Nor are those applications likely to succeed. To take just one example, the success rate for the Economic and Social Research Council’s responsive mode grants in 2022-23 was a miserable 11.7 per cent. If more people apply, this rate will fall even lower. Yet the outlay on making applications that have virtually no chance of success seems to go wholly uncosted.
Of course, research councils are not the only source of funding. Why, critics might say, don’t we seek industry funding instead? Many already do. In the US, the National Science Foundation reports that the corporate sector funds 36 per cent of basic research, close to the 40 per cent share from the federal government. This is often advantageous, but it also has disadvantages. When companies fund academic research, they understandably want measurable benefits, and the quicker the better. But this can skew projects away from what is of intrinsic interest to academics. Would Boeing currently be interested in funding research into bad decision-making and aeroplane accidents? I may remain theoretically free to do that research, but if I am reliant on corporate funding, I will likely be barred in practice.
Facing fearful odds, I know what many will do: work even harder. After all, I very much doubt that universities that reduce research time allocations will also reduce their Research Excellence Framework (REF) expectations. But everyone has a breaking point. Meanwhile, early-career researchers, witnessing their more senior colleagues’ well-being crumble, will be even less incentivised to pursue an academic career, with damaging long-term consequences.

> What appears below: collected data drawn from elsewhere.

(* Let $H$ be a regular non-bipartite graph whose adjacency eigenvalues are integers all having the same 2-adic valuation $\nu_2$. If $G=K_{2}\times H$, then for every vertex $u$ of $G$, $\uparrow^{2}G$ has Laplacian perfect state transfer between $(0,u)$ and $(1,u)$.
   Context: All graphs are simple, undirected and unweighted. The direct product $G\times H$ is the graph with adjacency matrix $A(G)\otimes A(H)$. For a nonzero integer $n$, $\nu_2(n)$ is the exponent of the largest power of $2$ dividing $n$, and $\nu_2(0)=\infty$. The blow-up $\uparrow^{2}G$ has vertex set $\mathbb{Z}_2\times V(G)$, with $(l,u)\sim(m,v)$ iff $u\sim v$ in $G$. A graph with Laplacian $L=D-A$ has Laplacian perfect state transfer between $a,b$ if $\exp(i\tau L)\mathbf{e}_a=\gamma\mathbf{e}_b$ for some $\tau>0$, $\gamma\in\mathbb{C}$. *)

theory Defs
  imports Complex_Main "HOL-Library.Extended_Nat" "HOL-Computational_Algebra.Primes"
begin

definition simple_graph :: "('a \<Rightarrow> 'a \<Rightarrow> bool) \<Rightarrow> bool" where
  "simple_graph E \<longleftrightarrow> (\<forall>u v. E u v \<longrightarrow> E v u) \<and> (\<forall>u. \<not> E u u)"

definition degree :: "('a::finite \<Rightarrow> 'a \<Rightarrow> bool) \<Rightarrow> 'a \<Rightarrow> nat" where
  "degree E u = card {v. E u v}"

definition regular :: "('a::finite \<Rightarrow> 'a \<Rightarrow> bool) \<Rightarrow> bool" where
  "regular E \<longleftrightarrow> (\<exists>k. \<forall>u. degree E u = k)"

definition bipartite :: "('a \<Rightarrow> 'a \<Rightarrow> bool) \<Rightarrow> bool" where
  "bipartite E \<longleftrightarrow> (\<exists>c :: 'a \<Rightarrow> bool. \<forall>u v. E u v \<longrightarrow> c u \<noteq> c v)"

definition adj :: "('a \<Rightarrow> 'a \<Rightarrow> bool) \<Rightarrow> 'a \<Rightarrow> 'a \<Rightarrow> real" where
  "adj E u v = (if E u v then 1 else 0)"

text \<open>Adjacency eigenvalue (the adjacency matrix is real symmetric, so real eigenvalues/eigenvectors).\<close>
definition adj_eigenvalue :: "('a::finite \<Rightarrow> 'a \<Rightarrow> bool) \<Rightarrow> real \<Rightarrow> bool" where
  "adj_eigenvalue E lam \<longleftrightarrow>
     (\<exists>v :: 'a \<Rightarrow> real. v \<noteq> (\<lambda>_. 0) \<and> (\<forall>x. (\<Sum>y\<in>UNIV. adj E x y * v y) = lam * v x))"

definition nu2 :: "int \<Rightarrow> enat" where
  "nu2 n = (if n = 0 then \<infinity> else enat (multiplicity 2 n))"

text \<open>Complete graph K_2 on vertex type bool, direct product, 2-blow-up (Z_2 = bool, 0 = False).\<close>
definition K2 :: "bool \<Rightarrow> bool \<Rightarrow> bool" where
  "K2 x y \<longleftrightarrow> x \<noteq> y"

The critics of cross-subsidising research tend to forget that research cross-subsidises teaching reputationally. It feeds into the university ranking systems by which students – especially high-fee-paying international students – are heavily influenced when deciding where to study. Hence, diminishing cross-subsidisation will undermine the foundations on which the whole system depends.
The real challenge is to move higher education funding on to a more sustainable basis. Honest conversations about trade-offs are needed, including about who should foot the bill. There are many demands on public funds, but it would be tragic if this debate only started when the damage done to our universities is irreparable.
Dennis Tourish is professor of leadership and organisation studies at the University of Sussex Business School, and a former staff member at the University of Kent. His most recent book is Management Studies in Crisis: Fraud, Deception and Meaningless Research (CUP, 2019).